> WHAT THE EXERCISE ASKS
From the entries below, please gather each line containing the string "imports".

> AVAILABLE RECORDS
######

(* Let $M_{i}=\begin{pmatrix}a_{i} & b_{i}\\ c_{i} & d_{i}\end{pmatrix}$, $i\ge1$, be any sequence of $2\times2$ complex matrices, and let $(G_i,F_i)$, $i\ge1$, be a sequence of nonzero row vectors. Then $(G_{i},F_{i})$ is a left eigenvector of $(M_i)$ (with some eigenvalues $\lambda_i$) if and only if $\begin{pmatrix}F_{i}\\ -G_{i}\end{pmatrix}$ is a right eigenvector of $(M_i)$ (with some eigenvalues $\alpha_i$). Moreover, if $(G_i,F_i)$ is a left eigenvector with eigenvalues $\lambda_i$, $\begin{pmatrix}F_{i}\\ -G_{i}\end{pmatrix}$ is the corresponding right eigenvector with eigenvalues $\alpha_i$, and $F_{i}\neq0$ for all $i$, then setting $U_{i}=\begin{pmatrix}F_{i}^{-1} & 0\\ G_{i} & F_{i}\end{pmatrix}$ we have \[ U_{i}M_{i}U_{i+1}^{-1}=\begin{pmatrix}\alpha_{i} & \frac{b_{i}}{F_{i}F_{i+1}}\\ 0 & \lambda_{i}\end{pmatrix}, \] and in particular $\alpha_{i}\lambda_{i}=\det(M_{i})$.
   Context: For a sequence of $2\times2$ matrices $M_i$: a sequence $v(i)$ of nonzero row vectors is a left eigenvector with eigenvalues $\lambda(i)\in\mathbb{C}$ if $v(i)M_{i}=\lambda(i)v(i+1)$ for all $i$; a sequence $u(i)$ of nonzero column vectors is a right eigenvector with eigenvalues $\alpha(i)\in\mathbb{C}$ if $M_{i}u(i+1)=\alpha(i)u(i)$ for all $i$. *)

theory Defs
  imports "HOL-Analysis.Analysis"
begin

text \<open>Sequences are indexed by i \<ge> 1 (values at index 0 are irrelevant).
  Row vectors and column vectors are both represented as complex^2;
  v v* A is the row-vector-times-matrix product, A *v u the matrix-times-column product.\<close>

definition left_eigenvector ::
  "(nat \<Rightarrow> complex^2^2) \<Rightarrow> (nat \<Rightarrow> complex^2) \<Rightarrow> (nat \<Rightarrow> complex) \<Rightarrow> bool" where
  "left_eigenvector M v lam \<longleftrightarrow>
     (\<forall>i\<ge>1. v i \<noteq> 0) \<and> (\<forall>i\<ge>1. v i v* M i = lam i *s v (i + 1))"

definition right_eigenvector ::
  "(nat \<Rightarrow> complex^2^2) \<Rightarrow> (nat \<Rightarrow> complex^2) \<Rightarrow> (nat \<Rightarrow> complex) \<Rightarrow> bool" where
  "right_eigenvector M u alpha \<longleftrightarrow>
     (\<forall>i\<ge>1. u i \<noteq> 0) \<and> (\<forall>i\<ge>1. M i *v u (i + 1) = alpha i *s u i)"

definition mat2 :: "'a \<Rightarrow> 'a \<Rightarrow> 'a \<Rightarrow> 'a \<Rightarrow> 'a^2^2" where
  "mat2 a b c d = (\<chi> i j. if i = 1 then (if j = 1 then a else b) else (if j = 1 then c else d))"

definition vec2 :: "'a \<Rightarrow> 'a \<Rightarrow> 'a^2" where
  "vec2 x y = (\<chi> i. if i = 1 then x else y)"

end

theory Submission
  imports Defs
begin

text \<open>Everything rests on the fact that in dimension two the orthogonal complement of a nonzero
  vector, with respect to the symmetric bilinear form x1 y1 + x2 y2, is a line, spanned by the
  rotated vector perp2 v = (v2, -v1). Hence v M is a multiple of v' iff (v M) perp2 v' = 0, and
  M perp2 v' is a multiple of perp2 v iff v (M perp2 v') = 0; the two conditions agree by
  associativity. The triangular form is then a direct computation, and the determinant identity
  follows from it because det U = 1 for every U of the given lower triangular shape.\<close>

definition vec_dot :: "'a::comm_semiring_1^'n \<Rightarrow> 'a^'n \<Rightarrow> 'a" where
  "vec_dot x y = (\<Sum>k\<in>UNIV. x $ k * y $ k)"

definition perp2 :: "'a::ring_1^2 \<Rightarrow> 'a^2" where
  "perp2 v = vec2 (v $ 2) (- v $ 1)"

lemma vec2_nth [simp]: "vec2 x y $ 1 = x" "vec2 x y $ 2 = y"
  by (simp_all add: vec2_def)

lemma vec2_eq_iff: "(v::'a^2) = w \<longleftrightarrow> v $ 1 = w $ 1 \<and> v $ 2 = w $ 2"
  by (metis exhaust_2 vec_eq_iff)

lemma vec2_eq_0_iff: "(v::'a::zero^2) = 0 \<longleftrightarrow> v $ 1 = 0 \<and> v $ 2 = 0"
  by (simp add: vec2_eq_iff)

lemma mat2_nth [simp]:
  "mat2 a b c d $ 1 $ 1 = a" "mat2 a b c d $ 1 $ 2 = b"
  "mat2 a b c d $ 2 $ 1 = c" "mat2 a b c d $ 2 $ 2 = d"
  by (simp_all add: mat2_def)

lemma mat2_eq_iff:
  "(A::'a^2^2) = B \<longleftrightarrow> A$1$1 = B$1$1 \<and> A$1$2 = B$1$2 \<and> A$2$1 = B$2$1 \<and> A$2$2 = B$2$2"
  by (metis vec2_eq_iff)

lemma matrix_matrix_mult_nth_2:
  "((A::'a::semiring_1^2^2) ** B) $ i $ j = A$i$1 * B$1$j + A$i$2 * B$2$j"
  by (simp add: matrix_matrix_mult_def sum_2)

lemma det_mat2: "det (mat2 a b c d :: 'a::comm_ring_1^2^2) = a * d - b * c"
  by (simp add: det_2)

lemma perp2_vec2 [simp]: "perp2 (vec2 x y) = vec2 y (- x)"
  by (simp add: perp2_def)

lemma perp2_eq_0_iff [simp]: "perp2 v = 0 \<longleftrightarrow> v = 0"
  by (auto simp: perp2_def vec2_eq_0_iff)

lemma vec_dot_2: "vec_dot (x::'a::comm_semiring_1^2) y = x$1 * y$1 + x$2 * y$2"
  by (simp add: vec_dot_def sum_2)

lemma vec_dot_vector_matrix_mult: "vec_dot (x v* A) y = vec_dot x (A *v y)"
proof -
  have "vec_dot (x v* A) y = (\<Sum>j\<in>UNIV. \<Sum>i\<in>UNIV. x $ i * A $ i $ j * y $ j)"
    by (simp add: vec_dot_def vector_matrix_mult_def sum_distrib_right)
  also have "\<dots> = (\<Sum>i\<in>UNIV. \<Sum>j\<in>UNIV. x $ i * (A $ i $ j * y $ j))"
    by (subst sum.swap) (simp add: mult.assoc)
  also have "\<dots> = vec_dot x (A *v y)"
    by (simp add: vec_dot_def matrix_vector_mult_def sum_distrib_left)
  finally show ?thesis .
qed

lemma matrix_inv_eqI:
  fixes A :: "'a::semiring_1^'n^'m"
  assumes "A ** B = mat 1" "B ** A = mat 1"
  shows "matrix_inv A = B"
proof -
  let ?C = "matrix_inv A"
  have C: "A ** ?C = mat 1" "?C ** A = mat 1"
    unfolding matrix_inv_def by (rule someI2[where a = B], use assms in auto)+
  have "?C = ?C ** (A ** B)" using assms by (simp add: matrix_mul_rid)
  also have "\<dots> = B" using C by (simp add: matrix_mul_assoc matrix_mul_lid)
  finally show ?thesis .
qed

lemma ex_scale_eq_iff_vec_dot_perp2:
  fixes w z :: "'a::field^2"
  assumes "w \<noteq> 0"
  shows "(\<exists>l. z = l *s w) \<longleftrightarrow> vec_dot z (perp2 w) = 0"
proof
  assume "\<exists>l. z = l *s w"
  then show "vec_dot z (perp2 w) = 0" by (auto simp: vec_dot_2 perp2_def algebra_simps)
next
  assume dot: "vec_dot z (perp2 w) = 0"
  then have cross: "z$1 * w$2 = z$2 * w$1" by (simp add: vec_dot_2 perp2_def)
  show "\<exists>l. z = l *s w"
  proof (cases "w $ 1 = 0")
    case True
    with assms have "w $ 2 \<noteq> 0" by (simp add: vec2_eq_0_iff)
    with cross True show ?thesis
      by (intro exI[of _ "z$2 / w$2"]) (auto simp: vec2_eq_iff field_simps)
  next
    case False
    with cross show ?thesis
      by (intro exI[of _ "z$1 / w$1"]) (auto simp: vec2_eq_iff field_simps)
  qed
qed

lemma ex_scale_perp2_iff_vec_dot:
  fixes v z :: "'a::field^2"
  assumes "v \<noteq> 0"
  shows "(\<exists>a. z = a *s perp2 v) \<longleftrightarrow> vec_dot v z = 0"
proof -
  have "vec_dot z (perp2 (perp2 v)) = - vec_dot v z"
    by (simp add: perp2_def vec_dot_2 mult.commute)
  with ex_scale_eq_iff_vec_dot_perp2[of "perp2 v" z] assms show ?thesis
    by simp
qed

lemma left_eigen_step_iff_right_eigen_step:
  fixes M :: "'a::field^2^2"
  assumes "v \<noteq> 0" "v' \<noteq> 0"
  shows "(\<exists>l. v v* M = l *s v') \<longleftrightarrow> (\<exists>a. M *v perp2 v' = a *s perp2 v)"
proof -
  have "(\<exists>l. v v* M = l *s v') \<longleftrightarrow> vec_dot (v v* M) (perp2 v') = 0"
    using assms(2) by (rule ex_scale_eq_iff_vec_dot_perp2)
  also have "\<dots> \<longleftrightarrow> vec_dot v (M *v perp2 v') = 0"
    by (simp add: vec_dot_vector_matrix_mult)
  also have "\<dots> \<longleftrightarrow> (\<exists>a. M *v perp2 v' = a *s perp2 v)"
    using assms(1) by (rule ex_scale_perp2_iff_vec_dot[symmetric])
  finally show ?thesis .
qed

lemma ex_left_eigenvector_iff:
  "(\<exists>lam. left_eigenvector M v lam) \<longleftrightarrow>
     (\<forall>i\<ge>1. v i \<noteq> 0) \<and> (\<forall>i\<ge>1. \<exists>l. v i v* M i = l *s v (i + 1))"
proof
  assume "(\<forall>i\<ge>1. v i \<noteq> 0) \<and> (\<forall>i\<ge>1. \<exists>l. v i v* M i = l *s v (i + 1))"
  moreover from this obtain lam where "\<forall>i. 1 \<le> i \<longrightarrow> v i v* M i = lam i *s v (i + 1)"
    using choice[of "\<lambda>i l. 1 \<le> i \<longrightarrow> v i v* M i = l *s v (i + 1)"] by blast
  ultimately show "\<exists>lam. left_eigenvector M v lam"
    unfolding left_eigenvector_def by blast
qed (auto simp: left_eigenvector_def)

lemma ex_right_eigenvector_iff:
  "(\<exists>alpha. right_eigenvector M u alpha) \<longleftrightarrow>
     (\<forall>i\<ge>1. u i \<noteq> 0) \<and> (\<forall>i\<ge>1. \<exists>a. M i *v u (i + 1) = a *s u i)"
proof
  assume "(\<forall>i\<ge>1. u i \<noteq> 0) \<and> (\<forall>i\<ge>1. \<exists>a. M i *v u (i + 1) = a *s u i)"
  moreover from this obtain alpha where "\<forall>i. 1 \<le> i \<longrightarrow> M i *v u (i + 1) = alpha i *s u i"
    using choice[of "\<lambda>i a. 1 \<le> i \<longrightarrow> M i *v u (i + 1) = a *s u i"] by blast
  ultimately show "\<exists>alpha. right_eigenvector M u alpha"
    unfolding right_eigenvector_def by blast
qed (auto simp: right_eigenvector_def)

lemma ex_left_eigenvector_iff_ex_right_eigenvector_perp2:
  assumes nz: "\<forall>i\<ge>1. v i \<noteq> 0"
  shows "(\<exists>lam. left_eigenvector M v lam) \<longleftrightarrow>
         (\<exists>alpha. right_eigenvector M (\<lambda>i. perp2 (v i)) alpha)"
proof -
  have "(\<exists>l. v i v* M i = l *s v (i + 1)) \<longleftrightarrow>
        (\<exists>a. M i *v perp2 (v (i + 1)) = a *s perp2 (v i))" if "i \<ge> 1" for i
    using nz that by (intro left_eigen_step_iff_right_eigen_step) auto
  with nz show ?thesis
    unfolding ex_left_eigenvector_iff ex_right_eigenvector_iff by simp
qed

lemma matrix_inv_mat2_lower:
  fixes F :: "'a::field"
  assumes "F \<noteq> 0"
  shows "matrix_inv (mat2 (inverse F) 0 G F) = mat2 F 0 (- G) (inverse F)"
  using assms
  by (intro matrix_inv_eqI) (auto simp: mat2_eq_iff matrix_matrix_mult_nth_2 mat_def)

lemma det_conj_mat2_lower:
  fixes M :: "'a::field^2^2"
  assumes "F \<noteq> 0" "F' \<noteq> 0"
  shows "det (mat2 (inverse F) 0 G F ** M ** matrix_inv (mat2 (inverse F') 0 G' F')) = det M"
  using assms by (simp add: matrix_inv_mat2_lower det_mul det_mat2)

lemma conj_mat2_lower_upper_triangular:
  fixes M :: "'a::field^2^2"
  assumes "F \<noteq> 0" "F' \<noteq> 0"
    and left: "vec2 G F v* M = lam *s vec2 G' F'"
    and right: "M *v vec2 F' (- G') = alpha *s vec2 F (- G)"
  shows "mat2 (inverse F) 0 G F ** M ** matrix_inv (mat2 (inverse F') 0 G' F')
       = mat2 alpha (M$1$2 / (F * F')) 0 lam"
proof -
  have l1: "G * M$1$1 + F * M$2$1 = lam * G'" and l2: "G * M$1$2 + F * M$2$2 = lam * F'"
    using left by (auto simp: vec2_eq_iff vector_matrix_mult_def sum_2 mult.commute)
  have r1: "M$1$1 * F' - M$1$2 * G' = alpha * F"
    using right by (auto simp: vec2_eq_iff matrix_vector_mult_def sum_2)
  have lower_left_entry: "(G * M$1$1 + F * M$2$1) * F' - (G * M$1$2 + F * M$2$2) * G' = 0"
    by (simp add: l1 l2)
  with l2 r1 assms show ?thesis
    unfolding matrix_inv_mat2_lower[OF \<open>F' \<noteq> 0\<close>]
    by (simp add: mat2_eq_iff matrix_matrix_mult_nth_2 field_simps)
qed

lemma eigenvalue_product_eq_det:
  fixes M :: "'a::field^2^2"
  assumes "F \<noteq> 0" "F' \<noteq> 0"
    and "vec2 G F v* M = lam *s vec2 G' F'"
    and "M *v vec2 F' (- G') = alpha *s vec2 F (- G)"
  shows "alpha * lam = det M"
proof -
  have "alpha * lam = det (mat2 alpha (M$1$2 / (F * F')) 0 lam)"
    by (simp add: det_mat2)
  also have "\<dots> = det M"
    using assms by (simp flip: conj_mat2_lower_upper_triangular add: det_conj_mat2_lower)
  finally show ?thesis .
qed

theorem lemma26:
  fixes M :: "nat \<Rightarrow> complex^2^2" and G F :: "nat \<Rightarrow> complex"
  assumes nz: "\<forall>i\<ge>1. vec2 (G i) (F i) \<noteq> 0"
  shows "((\<exists>lam. left_eigenvector M (\<lambda>i. vec2 (G i) (F i)) lam) \<longleftrightarrow>
           (\<exists>alpha. right_eigenvector M (\<lambda>i. vec2 (F i) (- G i)) alpha))
       \<and> (\<forall>lam alpha. left_eigenvector M (\<lambda>i. vec2 (G i) (F i)) lam \<longrightarrow>
           right_eigenvector M (\<lambda>i. vec2 (F i) (- G i)) alpha \<longrightarrow>
           (\<forall>i\<ge>1. F i \<noteq> 0) \<longrightarrow>
           (\<forall>i\<ge>1.
              mat2 (inverse (F i)) 0 (G i) (F i) ** M i **
                matrix_inv (mat2 (inverse (F (i + 1))) 0 (G (i + 1)) (F (i + 1)))
              = mat2 (alpha i) ((M i $ 1 $ 2) / (F i * F (i + 1))) 0 (lam i)
              \<and> alpha i * lam i = det (M i)))"
proof -
  have "(\<lambda>i. vec2 (F i) (- G i)) = (\<lambda>i. perp2 (vec2 (G i) (F i)))"
    by simp
  then have "(\<exists>lam. left_eigenvector M (\<lambda>i. vec2 (G i) (F i)) lam) \<longleftrightarrow>
        (\<exists>alpha. right_eigenvector M (\<lambda>i. vec2 (F i) (- G i)) alpha)"
    using ex_left_eigenvector_iff_ex_right_eigenvector_perp2[OF nz] by simp
  moreover have
    "mat2 (inverse (F i)) 0 (G i) (F i) ** M i **
        matrix_inv (mat2 (inverse (F (i + 1))) 0 (G (i + 1)) (F (i + 1)))
      = mat2 (alpha i) ((M i $ 1 $ 2) / (F i * F (i + 1))) 0 (lam i)
     \<and> alpha i * lam i = det (M i)"
    if "left_eigenvector M (\<lambda>i. vec2 (G i) (F i)) lam"
      and "right_eigenvector M (\<lambda>i. vec2 (F i) (- G i)) alpha"
      and "\<forall>i\<ge>1. F i \<noteq> 0" and "i \<ge> 1"
    for lam alpha :: "nat \<Rightarrow> complex" and i :: nat
  proof -
    have F: "F i \<noteq> 0" "F (i + 1) \<noteq> 0"
      using that by auto
    have left: "vec2 (G i) (F i) v* M i = lam i *s vec2 (G (i + 1)) (F (i + 1))"
      and right: "M i *v vec2 (F (i + 1)) (- G (i + 1)) = alpha i *s vec2 (F i) (- G i)"
      using that by (auto simp: left_eigenvector_def right_eigenvector_def)
    show ?thesis
      using conj_mat2_lower_upper_triangular[OF F left right]
        eigenvalue_product_eq_det[OF F left right] by blast
  qed
  ultimately show ?thesis
    by blast
qed

end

######

> WRITTEN SOLUTION
  imports "HOL-Analysis.Analysis"
  imports Defs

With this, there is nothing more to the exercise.